• **Directions**
Write out again, please, the records below from the first line to the line holding "(\<lambda>u. exp (2", inclusive, and nothing else.

Saved entries
━━━━━━━━━━━━━━━━━━━━━━━━━━━━━━
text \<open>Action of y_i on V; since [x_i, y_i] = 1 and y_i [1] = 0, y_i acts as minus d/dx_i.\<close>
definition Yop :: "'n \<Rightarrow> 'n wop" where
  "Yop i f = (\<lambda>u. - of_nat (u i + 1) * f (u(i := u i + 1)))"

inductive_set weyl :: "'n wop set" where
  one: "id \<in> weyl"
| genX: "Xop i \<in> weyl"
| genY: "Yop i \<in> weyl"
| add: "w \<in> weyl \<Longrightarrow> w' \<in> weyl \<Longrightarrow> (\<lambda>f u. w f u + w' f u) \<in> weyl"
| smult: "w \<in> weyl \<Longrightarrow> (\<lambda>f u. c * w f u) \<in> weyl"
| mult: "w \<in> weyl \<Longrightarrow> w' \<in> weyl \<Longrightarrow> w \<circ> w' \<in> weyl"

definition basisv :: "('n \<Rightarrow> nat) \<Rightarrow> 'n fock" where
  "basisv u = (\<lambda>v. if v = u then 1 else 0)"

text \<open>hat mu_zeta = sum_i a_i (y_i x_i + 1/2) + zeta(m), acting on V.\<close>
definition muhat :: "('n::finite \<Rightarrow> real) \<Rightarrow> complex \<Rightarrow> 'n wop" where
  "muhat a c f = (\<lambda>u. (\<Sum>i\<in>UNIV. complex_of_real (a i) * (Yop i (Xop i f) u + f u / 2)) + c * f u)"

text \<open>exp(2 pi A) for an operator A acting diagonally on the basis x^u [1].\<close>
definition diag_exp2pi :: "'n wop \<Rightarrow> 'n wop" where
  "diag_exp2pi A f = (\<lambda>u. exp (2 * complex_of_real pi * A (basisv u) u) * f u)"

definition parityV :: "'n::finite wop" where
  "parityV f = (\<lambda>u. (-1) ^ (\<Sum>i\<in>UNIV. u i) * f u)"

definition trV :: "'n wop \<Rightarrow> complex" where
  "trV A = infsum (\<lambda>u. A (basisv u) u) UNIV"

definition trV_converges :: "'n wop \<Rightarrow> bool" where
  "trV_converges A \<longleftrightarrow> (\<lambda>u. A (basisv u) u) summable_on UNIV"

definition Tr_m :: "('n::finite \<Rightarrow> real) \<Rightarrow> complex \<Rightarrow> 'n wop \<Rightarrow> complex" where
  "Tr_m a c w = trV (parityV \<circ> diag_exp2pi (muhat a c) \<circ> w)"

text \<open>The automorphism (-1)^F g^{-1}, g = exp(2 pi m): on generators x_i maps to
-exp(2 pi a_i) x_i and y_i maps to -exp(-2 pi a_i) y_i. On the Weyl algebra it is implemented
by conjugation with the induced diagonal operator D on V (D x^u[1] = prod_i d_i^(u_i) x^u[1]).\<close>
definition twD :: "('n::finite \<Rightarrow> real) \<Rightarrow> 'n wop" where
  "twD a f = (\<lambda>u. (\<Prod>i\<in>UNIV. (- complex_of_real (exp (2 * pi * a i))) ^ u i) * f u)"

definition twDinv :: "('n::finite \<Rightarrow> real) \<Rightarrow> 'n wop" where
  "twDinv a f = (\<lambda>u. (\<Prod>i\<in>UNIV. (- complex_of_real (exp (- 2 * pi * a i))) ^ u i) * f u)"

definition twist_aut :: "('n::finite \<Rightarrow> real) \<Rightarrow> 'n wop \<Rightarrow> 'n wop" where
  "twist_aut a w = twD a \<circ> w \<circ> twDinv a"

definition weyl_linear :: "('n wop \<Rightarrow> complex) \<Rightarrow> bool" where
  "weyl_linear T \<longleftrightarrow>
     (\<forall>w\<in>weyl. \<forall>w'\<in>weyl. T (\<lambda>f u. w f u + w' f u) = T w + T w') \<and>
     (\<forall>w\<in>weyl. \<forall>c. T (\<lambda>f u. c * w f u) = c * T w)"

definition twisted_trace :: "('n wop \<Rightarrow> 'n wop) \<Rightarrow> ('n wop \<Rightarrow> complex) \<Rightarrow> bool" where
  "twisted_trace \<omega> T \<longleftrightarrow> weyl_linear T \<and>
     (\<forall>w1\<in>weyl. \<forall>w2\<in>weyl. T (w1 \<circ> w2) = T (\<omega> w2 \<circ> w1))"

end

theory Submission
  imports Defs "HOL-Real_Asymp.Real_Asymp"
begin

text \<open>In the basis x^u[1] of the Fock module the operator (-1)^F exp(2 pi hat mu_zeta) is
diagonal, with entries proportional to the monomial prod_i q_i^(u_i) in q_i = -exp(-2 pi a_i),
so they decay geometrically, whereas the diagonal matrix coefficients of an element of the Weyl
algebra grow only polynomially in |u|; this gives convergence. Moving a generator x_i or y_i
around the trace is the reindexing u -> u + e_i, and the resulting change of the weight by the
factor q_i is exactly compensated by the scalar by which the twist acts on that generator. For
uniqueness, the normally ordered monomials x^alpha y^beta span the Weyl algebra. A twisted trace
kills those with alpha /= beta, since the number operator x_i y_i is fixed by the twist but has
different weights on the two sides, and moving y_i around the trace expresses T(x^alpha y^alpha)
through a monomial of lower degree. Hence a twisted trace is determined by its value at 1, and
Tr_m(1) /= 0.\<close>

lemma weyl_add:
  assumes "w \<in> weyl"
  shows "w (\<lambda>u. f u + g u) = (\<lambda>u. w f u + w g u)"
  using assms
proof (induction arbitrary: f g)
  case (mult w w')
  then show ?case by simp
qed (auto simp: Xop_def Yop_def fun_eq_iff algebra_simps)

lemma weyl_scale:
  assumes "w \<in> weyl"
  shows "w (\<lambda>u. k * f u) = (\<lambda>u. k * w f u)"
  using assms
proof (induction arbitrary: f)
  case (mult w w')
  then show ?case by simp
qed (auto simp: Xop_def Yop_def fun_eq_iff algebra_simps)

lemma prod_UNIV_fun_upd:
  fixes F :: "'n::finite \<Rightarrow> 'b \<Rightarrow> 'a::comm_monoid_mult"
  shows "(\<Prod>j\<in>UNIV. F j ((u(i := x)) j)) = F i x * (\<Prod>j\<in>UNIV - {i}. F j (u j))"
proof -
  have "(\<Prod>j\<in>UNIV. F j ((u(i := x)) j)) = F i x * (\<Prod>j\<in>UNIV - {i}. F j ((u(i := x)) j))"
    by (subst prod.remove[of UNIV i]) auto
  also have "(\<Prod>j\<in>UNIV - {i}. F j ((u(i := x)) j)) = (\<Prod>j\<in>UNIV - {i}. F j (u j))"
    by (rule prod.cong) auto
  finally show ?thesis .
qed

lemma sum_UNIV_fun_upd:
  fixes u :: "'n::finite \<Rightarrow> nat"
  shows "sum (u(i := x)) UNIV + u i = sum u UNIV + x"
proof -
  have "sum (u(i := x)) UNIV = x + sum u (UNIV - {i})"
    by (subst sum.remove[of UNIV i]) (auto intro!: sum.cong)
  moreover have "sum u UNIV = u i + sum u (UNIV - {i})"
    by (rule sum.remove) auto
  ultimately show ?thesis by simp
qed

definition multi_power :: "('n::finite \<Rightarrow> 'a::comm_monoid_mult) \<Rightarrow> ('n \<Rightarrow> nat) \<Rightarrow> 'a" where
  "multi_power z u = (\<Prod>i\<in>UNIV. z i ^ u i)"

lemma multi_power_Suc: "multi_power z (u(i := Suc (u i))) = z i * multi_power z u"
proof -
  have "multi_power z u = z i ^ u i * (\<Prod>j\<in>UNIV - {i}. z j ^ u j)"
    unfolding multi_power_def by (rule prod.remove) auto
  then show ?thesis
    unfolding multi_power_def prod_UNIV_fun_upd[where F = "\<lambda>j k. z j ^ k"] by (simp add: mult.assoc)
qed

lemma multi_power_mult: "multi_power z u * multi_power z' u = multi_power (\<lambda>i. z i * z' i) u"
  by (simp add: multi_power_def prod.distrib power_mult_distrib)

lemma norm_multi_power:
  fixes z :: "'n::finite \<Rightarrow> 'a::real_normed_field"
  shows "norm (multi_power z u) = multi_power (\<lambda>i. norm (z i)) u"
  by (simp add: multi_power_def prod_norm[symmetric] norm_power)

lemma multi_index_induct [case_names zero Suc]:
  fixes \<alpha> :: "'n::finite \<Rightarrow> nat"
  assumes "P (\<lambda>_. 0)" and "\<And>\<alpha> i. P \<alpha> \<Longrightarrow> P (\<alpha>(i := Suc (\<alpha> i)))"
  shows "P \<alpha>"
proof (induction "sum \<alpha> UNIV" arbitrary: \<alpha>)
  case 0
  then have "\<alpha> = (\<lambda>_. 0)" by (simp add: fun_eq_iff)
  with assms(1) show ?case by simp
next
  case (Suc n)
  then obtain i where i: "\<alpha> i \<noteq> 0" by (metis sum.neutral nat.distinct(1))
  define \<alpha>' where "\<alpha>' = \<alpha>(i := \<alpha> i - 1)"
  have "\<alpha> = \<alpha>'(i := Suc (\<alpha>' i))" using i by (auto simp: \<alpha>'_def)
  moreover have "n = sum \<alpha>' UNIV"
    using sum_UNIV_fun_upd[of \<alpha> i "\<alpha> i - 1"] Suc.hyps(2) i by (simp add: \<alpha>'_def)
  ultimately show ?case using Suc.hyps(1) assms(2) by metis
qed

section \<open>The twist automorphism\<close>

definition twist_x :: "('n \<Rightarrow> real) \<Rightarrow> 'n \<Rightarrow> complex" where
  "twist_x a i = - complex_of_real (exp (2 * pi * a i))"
━━━━━━━━━━━━━━━━━━━━━━━━━━━━━━
• **Response**
text \<open>Action of y_i on V; since [x_i, y_i] = 1 and y_i [1] = 0, y_i acts as minus d/dx_i.\<close>
definition Yop :: "'n \<Rightarrow> 'n wop" where
  "Yop i f = (\<lambda>u. - of_nat (u i + 1) * f (u(i := u i + 1)))"

inductive_set weyl :: "'n wop set" where
  one: "id \<in> weyl"
| genX: "Xop i \<in> weyl"
| genY: "Yop i \<in> weyl"
| add: "w \<in> weyl \<Longrightarrow> w' \<in> weyl \<Longrightarrow> (\<lambda>f u. w f u + w' f u) \<in> weyl"
| smult: "w \<in> weyl \<Longrightarrow> (\<lambda>f u. c * w f u) \<in> weyl"
| mult: "w \<in> weyl \<Longrightarrow> w' \<in> weyl \<Longrightarrow> w \<circ> w' \<in> weyl"

definition basisv :: "('n \<Rightarrow> nat) \<Rightarrow> 'n fock" where
  "basisv u = (\<lambda>v. if v = u then 1 else 0)"

text \<open>hat mu_zeta = sum_i a_i (y_i x_i + 1/2) + zeta(m), acting on V.\<close>
definition muhat :: "('n::finite \<Rightarrow> real) \<Rightarrow> complex \<Rightarrow> 'n wop" where
  "muhat a c f = (\<lambda>u. (\<Sum>i\<in>UNIV. complex_of_real (a i) * (Yop i (Xop i f) u + f u / 2)) + c * f u)"

text \<open>exp(2 pi A) for an operator A acting diagonally on the basis x^u [1].\<close>
definition diag_exp2pi :: "'n wop \<Rightarrow> 'n wop" where
  "diag_exp2pi A f = (\<lambda>u. exp (2 * complex_of_real pi * A (basisv u) u) * f u)"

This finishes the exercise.